Brief
Take from the records below each line that holds "Aplus".

Data records
(* Let $A$ be a primitive axial algebra of Jordan type $\eta$ and let $a,b$ be distinct $\eta$-axes with $N=N_{a,b}$ $3$-dimensional. Let $V=N_{b,\,b^{\tau(a)}}$. Then either $V=N$, or $\eta=\tfrac12$, $N$ has an identity element $\mathbf 1$, and exactly one of the following holds: (i) $ab=-\tfrac12\mathbf 1+\tfrac12a+\tfrac12b$, $b\,b^{\tau(a)}=\tfrac12b+\tfrac12b^{\tau(a)}$, $\dim V=2$, and $\mathrm{Span}\{b,b^{\tau(a)}\}\cap\mathrm{Span}\{\mathbf 1,a\}=\mathbb F(\mathbf 1-a)$; (ii) $ab=-\tfrac14\mathbf 1+\tfrac12a+\tfrac12b$, $b\,b^{\tau(a)}=0$, $\dim V=2$, and $\mathrm{Span}\{b,b^{\tau(a)}\}\cap\mathrm{Span}\{\mathbf 1,a\}=\mathbb F\mathbf 1$.
   Context: Throughout, $\mathbb F$ is a field of characteristic $\neq 2$ and $\eta\in\mathbb F\setminus\{0,1\}$. Let $A$ be a commutative, not necessarily associative $\mathbb F$-algebra. For $a\in A$ and $\lambda\in\mathbb F$ put $A_\lambda(a)=\{x\in A: xa=\lambda x\}$. An $\eta$-axis of $A$ is an element $a$ with $a^2=a$ such that $A=A_1(a)\oplus A_0(a)\oplus A_\eta(a)$, $A_1(a)=\mathbb F a$, and, writing $A_+(a)=A_1(a)\oplus A_0(a)$ and $A_-(a)=A_\eta(a)$, one has $A_+(a)A_+(a)\subseteq A_+(a)$, $A_+(a)A_-(a)\subseteq A_-(a)$, $A_-(a)A_-(a)\subseteq A_+(a)$ and $A_0(a)A_0(a)\subseteq A_0(a)$. $A$ is a primitive axial algebra of Jordan type $\eta$ if it is generated by $\eta$-axes. The Miyamoto involution $\tau(a)$ acts as $1$ on $A_+(a)$ and $-1$ on $A_-(a)$. $N_{x,y}$ is the subalgebra generated by $x,y$; an identity element of a subalgebra $N$ is $\mathbf 1\in N$ with $\mathbf 1n=n$ for all $n\in N$. *)

theory Defs
  imports Complex_Main
begin

text \<open>An algebra over a field 'f is modelled by a vector space structure
  given by the scalar multiplication sc on the additive group 'v together with
  a multiplication mu, which is assumed (in the theorem) to be bilinear.\<close>

definition eigsp :: "('f::field \<Rightarrow> 'v::ab_group_add \<Rightarrow> 'v) \<Rightarrow> ('v \<Rightarrow> 'v \<Rightarrow> 'v) \<Rightarrow> 'v \<Rightarrow> 'f \<Rightarrow> 'v set" where
  "eigsp sc mu a l = {x. mu x a = sc l x}"

definition setsum :: "'v::ab_group_add set \<Rightarrow> 'v set \<Rightarrow> 'v set" where
  "setsum U W = {u + w | u w. u \<in> U \<and> w \<in> W}"

definition setprod :: "('v \<Rightarrow> 'v \<Rightarrow> 'v) \<Rightarrow> 'v set \<Rightarrow> 'v set \<Rightarrow> 'v set" where
  "setprod mu U W = {mu u w | u w. u \<in> U \<and> w \<in> W}"

definition Aplus where "Aplus sc mu a = setsum (eigsp sc mu a 1) (eigsp sc mu a 0)"
definition Aminus where "Aminus sc mu eta a = eigsp sc mu a eta"

definition is_axis :: "('f::field \<Rightarrow> 'v::ab_group_add \<Rightarrow> 'v) \<Rightarrow> ('v \<Rightarrow> 'v \<Rightarrow> 'v) \<Rightarrow> 'f \<Rightarrow> 'v \<Rightarrow> bool" where
  "is_axis sc mu eta a \<longleftrightarrow>
     mu a a = a
   \<and> (\<forall>x. \<exists>!(x1, x0, xe). x1 \<in> eigsp sc mu a 1 \<and> x0 \<in> eigsp sc mu a 0 \<and> xe \<in> eigsp sc mu a eta
                         \<and> x = x1 + x0 + xe)
   \<and> eigsp sc mu a 1 = range (\<lambda>t. sc t a)
   \<and> setprod mu (Aplus sc mu a) (Aplus sc mu a) \<subseteq> Aplus sc mu a
   \<and> setprod mu (Aplus sc mu a) (Aminus sc mu eta a) \<subseteq> Aminus sc mu eta a
   \<and> setprod mu (Aminus sc mu eta a) (Aminus sc mu eta a) \<subseteq> Aplus sc mu a
   \<and> setprod mu (eigsp sc mu a 0) (eigsp sc mu a 0) \<subseteq> eigsp sc mu a 0"

definition gen_subalg :: "('f::field \<Rightarrow> 'v::ab_group_add \<Rightarrow> 'v) \<Rightarrow> ('v \<Rightarrow> 'v \<Rightarrow> 'v) \<Rightarrow> 'v set \<Rightarrow> 'v set" where
  "gen_subalg sc mu S = \<Inter>{W. S \<subseteq> W \<and> module.subspace sc W \<and> (\<forall>x\<in>W. \<forall>y\<in>W. mu x y \<in> W)}"

definition primitive_axial_jordan :: "('f::field \<Rightarrow> 'v::ab_group_add \<Rightarrow> 'v) \<Rightarrow> ('v \<Rightarrow> 'v \<Rightarrow> 'v) \<Rightarrow> 'f \<Rightarrow> bool" where
  "primitive_axial_jordan sc mu eta \<longleftrightarrow>
     (\<exists>X. (\<forall>x\<in>X. is_axis sc mu eta x) \<and> gen_subalg sc mu X = UNIV)"

definition miyamoto :: "('f::field \<Rightarrow> 'v::ab_group_add \<Rightarrow> 'v) \<Rightarrow> ('v \<Rightarrow> 'v \<Rightarrow> 'v) \<Rightarrow> 'f \<Rightarrow> 'v \<Rightarrow> 'v \<Rightarrow> 'v" where
  "miyamoto sc mu eta a x =
     (THE y. \<exists>u w. u \<in> Aplus sc mu a \<and> w \<in> Aminus sc mu eta a \<and> x = u + w \<and> y = u - w)"

definition is_identity_of :: "('v \<Rightarrow> 'v \<Rightarrow> 'v) \<Rightarrow> 'v set \<Rightarrow> 'v \<Rightarrow> bool" where
  "is_identity_of mu N e \<longleftrightarrow> e \<in> N \<and> (\<forall>n\<in>N. mu e n = n)"

end

theory Submission
  imports Defs
begin
lemma condG_linear_quotient:
  fixes K :: "complex set" and F G :: "complex fps"
  assumes K: "number_field K" and \<xi>: "\<xi> \<in> K" and "0 < Q" "1 \<le> P"
    and F: "condG K (\<lambda>n. F $ n * of_nat (gevrey_factorial Q P n))"
    and G: "(fps_X - fps_const \<xi>) * G = F"
    and vanish: "\<And>\<sigma>. embedding K \<sigma> \<Longrightarrow> (\<Sum>n. \<sigma> (F $ n) * \<sigma> \<xi> ^ n) = 0"
  shows "condG K (\<lambda>n. G $ n * of_nat (gevrey_factorial Q P n))"
proof -
  obtain C where "1 \<le> C"
    and conj: "\<And>n \<sigma>. embedding K \<sigma> \<Longrightarrow> norm (\<sigma> (F $ n * of_nat (gevrey_factorial Q P n))) \<le> C ^ Suc n"
    and den: "\<And>n. \<exists>d :: nat. 0 < d \<and> real d \<le> C ^ Suc n \<and>
      (\<forall>k\<le>n. algebraic_int (of_nat d * (F $ k * of_nat (gevrey_factorial Q P k))))"
    using condG_bounds[OF F] by blast
  have FK: "F $ n \<in> K" for n
    by (rule condG_coeffs_in[OF K F])
  obtain A1 B1 where conj_G:
    "\<And>n \<sigma>. embedding K \<sigma> \<Longrightarrow> norm (\<sigma> (G $ n * of_nat (gevrey_factorial Q P n))) \<le> A1 * B1 ^ n"
  proof (rule conjugates_linear_quotient[where F = F and G = G and Q = Q and P = P and C = C,
        OF K \<xi> assms(3,4) _ _ FK G])
    show "0 \<le> C"
      using \<open>1 \<le> C\<close> by simp
    show "norm (\<sigma> (F $ n * of_nat (gevrey_factorial Q P n))) \<le> C ^ Suc n" if "embedding K \<sigma>" for n \<sigma>
      using conj[OF that] .
    show "(\<Sum>n. \<sigma> (F $ n) * \<sigma> \<xi> ^ n) = 0" if "embedding K \<sigma>" for \<sigma>
      using vanish[OF that] .
  qed (rule that)
  obtain A2 B2 where den_G: "\<And>n. \<exists>d :: nat. 0 < d \<and> real d \<le> A2 * B2 ^ n \<and>
      (\<forall>k\<le>n. algebraic_int (of_nat d * (G $ k * of_nat (gevrey_factorial Q P k))))"
  proof (cases "\<xi> = 0")
    case True
    with G have "fps_X * G = F"
      by simp
    then show thesis
      using denominators_linear_quotient_zero[where F = F and G = G and Q = Q and P = P and C = C, OF \<open>1 \<le> C\<close> den] that by blast
  next
    case False
    then show thesis
      using denominators_linear_quotient_nonzero[where F = F and G = G and Q = Q and P = P and C = C, OF K \<xi> False _ den G] \<open>1 \<le> C\<close> that by auto
  qed
  show ?thesis
  proof (rule condG_intro[where b = "\<lambda>n. G $ n * of_nat (gevrey_factorial Q P n)"])
    show "G $ n * of_nat (gevrey_factorial Q P n) \<in> K" for n
      using linear_quotient_coeffs_in[OF K \<xi> FK G]
      by (intro number_field_mult[OF K] number_field_of_nat[OF K])
    show "norm (\<sigma> (G $ n * of_nat (gevrey_factorial Q P n))) \<le> A1 * B1 ^ n"
      if "embedding K \<sigma>" for n \<sigma>
      using conj_G[OF that] .
    show "\<exists>d :: nat. 0 < d \<and> real d \<le> A2 * B2 ^ n \<and>
        (\<forall>k\<le>n. algebraic_int (of_nat d * (G $ k * of_nat (gevrey_factorial Q P k))))" for n
      by (rule den_G)
  qed
qed
lemma unset_bit_less:
  assumes "(c::nat) < 2^s"
  shows "unset_bit m c < 2^s"
proof -
  have "s \<le> m \<Longrightarrow> unset_bit m c = c"
    using less_pow_nobit[OF assms] by (intro bit_eqI) (auto simp: bit_unset_bit_iff)
  moreover have "take_bit s c = c" using assms by (simp add: take_bit_nat_eq_self_iff)
  ultimately have "take_bit s (unset_bit m c) = unset_bit m c" by (simp add: take_bit_unset_bit_eq)
  then show ?thesis by (metis take_bit_nat_less_exp)
qed

lemma period_dvd_Mblk: "l i < j \<Longrightarrow> j \<le> l (Suc i) \<Longrightarrow> T j dvd Mblk q l T i"
  unfolding Mblk_def by (auto intro: dvd_Lcm)

lemma tau_split:
  assumes "1 \<le> i" "i \<le> s"
  shows "tau s q l T c = tau s q l T (unset_bit (i-1) c) + (if cdig c i then Mblk q l T i else 0)"
proof -
  let ?term = "\<lambda>c i'. if cdig c i' then Mblk q l T i' else 0"
  have others: "?term (unset_bit (i-1) c) i' = ?term c i'" if "i' \<in> {1..s} - {i}" for i'
    using that assms by (auto simp: cdig_def bit_unset_bit_iff)
  have "tau s q l T c = (\<Sum>i'\<in>{1..s} - {i}. ?term c i') + ?term c i"
    unfolding tau_def using assms by (simp add: sum.remove add.commute)
  moreover have "tau s q l T (unset_bit (i-1) c) = (\<Sum>i'\<in>{1..s} - {i}. ?term c i')"
    unfolding tau_def using assms others
    by (simp add: sum.remove cdig_def bit_unset_bit_iff)
  ultimately show ?thesis by simp
qed

lemma tau_set_bit:
  assumes "1 \<le> i" "i \<le> s" "\<not> cdig c i"
  shows "tau s q l T (set_bit (i-1) c) = tau s q l T c + Mblk q l T i"
proof -
  have "unset_bit (i-1) (set_bit (i-1) c) = c"
    using assms by (intro bit_eqI) (auto simp: bit_simps cdig_def)
  then show ?thesis using tau_split[OF assms(1,2), of q l T "set_bit (i-1) c"]
    by (simp add: cdig_def bit_simps)
qed

lemma tau_unset_bit_mod:
  assumes "1 \<le> i" "i \<le> s" "l i < j" "j \<le> l (Suc i)"
  shows "tau s q l T (unset_bit (i-1) c) mod T j = tau s q l T c mod T j"
  using tau_split[OF assms(1,2), of q l T c] period_dvd_Mblk[OF assms(3,4), where q=q and T=T] by auto

lemma tau_Suc_low: "c < 2^s \<Longrightarrow> tau (Suc s) q l T c = tau s q l T c"
  unfolding tau_def by (simp add: cdig_def less_pow_nobit)

lemma tau_Suc_high:
  assumes "c < 2^s"
  shows "tau (Suc s) q l T (c + 2^s) = tau s q l T c + Mblk q l T (Suc s)"
proof -
  have "set_bit s c = c + 2^s" using assms by (simp add: set_bit_eq less_pow_nobit)
  then show ?thesis
    using tau_set_bit[of "Suc s" "Suc s" c q l T] tau_Suc_low[OF assms, of q l T] assms
    by (simp add: cdig_def less_pow_nobit)
qed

Written response
definition Aplus where "Aplus sc mu a = setsum (eigsp sc mu a 1) (eigsp sc mu a 0)"
   \<and> setprod mu (Aplus sc mu a) (Aplus sc mu a) \<subseteq> Aplus sc mu a
   \<and> setprod mu (Aplus sc mu a) (Aminus sc mu eta a) \<subseteq> Aminus sc mu eta a
   \<and> setprod mu (Aminus sc mu eta a) (Aminus sc mu eta a) \<subseteq> Aplus sc mu a
     (THE y. \<exists>u w. u \<in> Aplus sc mu a \<and> w \<in> Aminus sc mu eta a \<and> x = u + w \<and> y = u - w)"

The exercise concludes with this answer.